Mitos’un doğuşu ve insanlığın gelişmesi: Yokoluşa doğru mu?

Doğan Kuban
Mitos’un doğuşu ve insanlığın gelişmesi: Yokoluşa doğru mu?

İnsanlığın gelişmesi iki yolda olmuştur: İnanç-Din; Doğa bilgisi-Toplum bilinci.. İlk aşamada dünyayı şaşkınlıkla ve her şeyden korkarak izleyen insanlar çevrelerinde gördükleri ve açıklayamadıkları bütün olguları, daha o zamandan insan aklı için karakteristik olan neden-sonuç mantığı içinde açıklamak gerekliliğini hissedederek, bir nedene bağlamışlardır.
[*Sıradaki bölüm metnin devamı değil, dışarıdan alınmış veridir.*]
lemma sum_powi_nonpos_reindex:
  fixes \<epsilon> :: "'a::field"
  shows "(\<Sum>l\<in>{- int n..0}. \<epsilon> powi l * f l) = (\<Sum>s\<le>n. f (- int s) / \<epsilon> ^ s)"
proof -
  have "(\<Sum>s\<le>n. f (- int s) / \<epsilon> ^ s) = (\<Sum>l\<in>{- int n..0}. \<epsilon> powi l * f l)"
    by (rule sum.reindex_bij_witness[of _ "\<lambda>l. nat (- l)" "\<lambda>s. - int s"])
      (auto simp: power_int_minus divide_inverse mult.commute)
  then show ?thesis ..
qed

lemma sum_powi_shifted_reindex:
  fixes \<epsilon> :: "'a::field"
  assumes "\<epsilon> \<noteq> 0" "k \<le> r"
  shows "(\<Sum>l\<in>{- int (r - k)..0}. \<epsilon> powi l * (if l < 0 then - x (l - int k) else y (nat l)))
       = y 0 - (\<Sum>s=Suc k..r. x (- int s) * \<epsilon> ^ k / \<epsilon> ^ s)"
proof -
  have "(\<Sum>l\<in>{- int (r - k)..0}. \<epsilon> powi l * (if l < 0 then - x (l - int k) else y (nat l)))
      = (\<Sum>s=k..r. \<epsilon> powi (int k - int s) * (if int k - int s < 0 then - x (- int s) else y (nat (int k - int s))))"
    using assms(2) by (intro sum.reindex_bij_witness[of _ "\<lambda>s. int k - int s" "\<lambda>l. nat (int k - l)"]) auto
  also have "\<dots> = y 0 + (\<Sum>s=Suc k..r. - (x (- int s) * \<epsilon> ^ k / \<epsilon> ^ s))"
    using assms by (simp add: sum.atLeast_Suc_atMost power_int_diff mult.commute)
  finally show ?thesis
    by (simp add: sum_negf)
qed

lemma tendsto_has_asymp_exp_nth_laurent:
  fixes f :: "complex \<Rightarrow> ('m::finite) cmat"
  assumes "has_asymp_exp f (- int n) c"
  shows "((\<lambda>\<epsilon>. f \<epsilon> $ i $ j - (\<Sum>s\<le>n. c (- int s) $ i $ j / \<epsilon> ^ s)) \<longlongrightarrow> 0) (at 0)"
  using tendsto_has_asymp_exp_nth[OF assms, of i j] unfolding sum_powi_nonpos_reindex .

lemma tendsto_has_asymp_exp_nth_shifted:
  fixes g :: "complex \<Rightarrow> ('m::finite) cmat"
  assumes "has_asymp_exp g (- int (r - k)) (\<lambda>l. if l < 0 then - X (l - int k) else Y (nat l))"
    and "k \<le> r"
  shows "((\<lambda>\<epsilon>. g \<epsilon> $ i $ j - (Y 0 $ i $ j - (\<Sum>s=Suc k..r. X (- int s) $ i $ j * \<epsilon> ^ k / \<epsilon> ^ s)))
           \<longlongrightarrow> 0) (at 0)"
proof -
  have coeff: "(if l < 0 then - X (l - int k) else Y (nat l)) $ i $ j =
      (if l < 0 then - X (l - int k) $ i $ j else Y (nat l) $ i $ j)" for l
    by simp
  have "\<forall>\<^sub>F \<epsilon> in at 0.
      g \<epsilon> $ i $ j - (\<Sum>l\<in>{- int (r - k)..0}. \<epsilon> powi l *
          (if l < 0 then - X (l - int k) $ i $ j else Y (nat l) $ i $ j))
      = g \<epsilon> $ i $ j - (Y 0 $ i $ j - (\<Sum>s=Suc k..r. X (- int s) $ i $ j * \<epsilon> ^ k / \<epsilon> ^ s))"
    using eventually_neq_at_within[of 0 0]
  proof eventually_elim
    case (elim \<epsilon>)
    show ?case
      using sum_powi_shifted_reindex[OF elim assms(2), of "\<lambda>l. X l $ i $ j" "\<lambda>l. Y l $ i $ j"] by simp
  qed
  with tendsto_has_asymp_exp_nth[OF assms(1), of i j] show ?thesis
    unfolding coeff by (rule Lim_transform_eventually)
qed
Bu nedenler, mitos’un doğuşudur.

Yer kürenin her köşesinde izole toplumların geliştirdiği mitoslar dünya edebiyatının etkileyici bir hazinesini oluştururlar. İlginç olan bu ilkel öykülerin çağdaş izleyicilerinin de olmasıdır. Bu olgunun kanıtladığı bir bilimsel gerçek var: İnsanoğlu uygarlık dediğimiz bilinçlenme evriminin bu aşamasında bile bir ilkel yaratık olarak dünyaya geliyor, hatta öyle bir yaşam sürdürebiliyor.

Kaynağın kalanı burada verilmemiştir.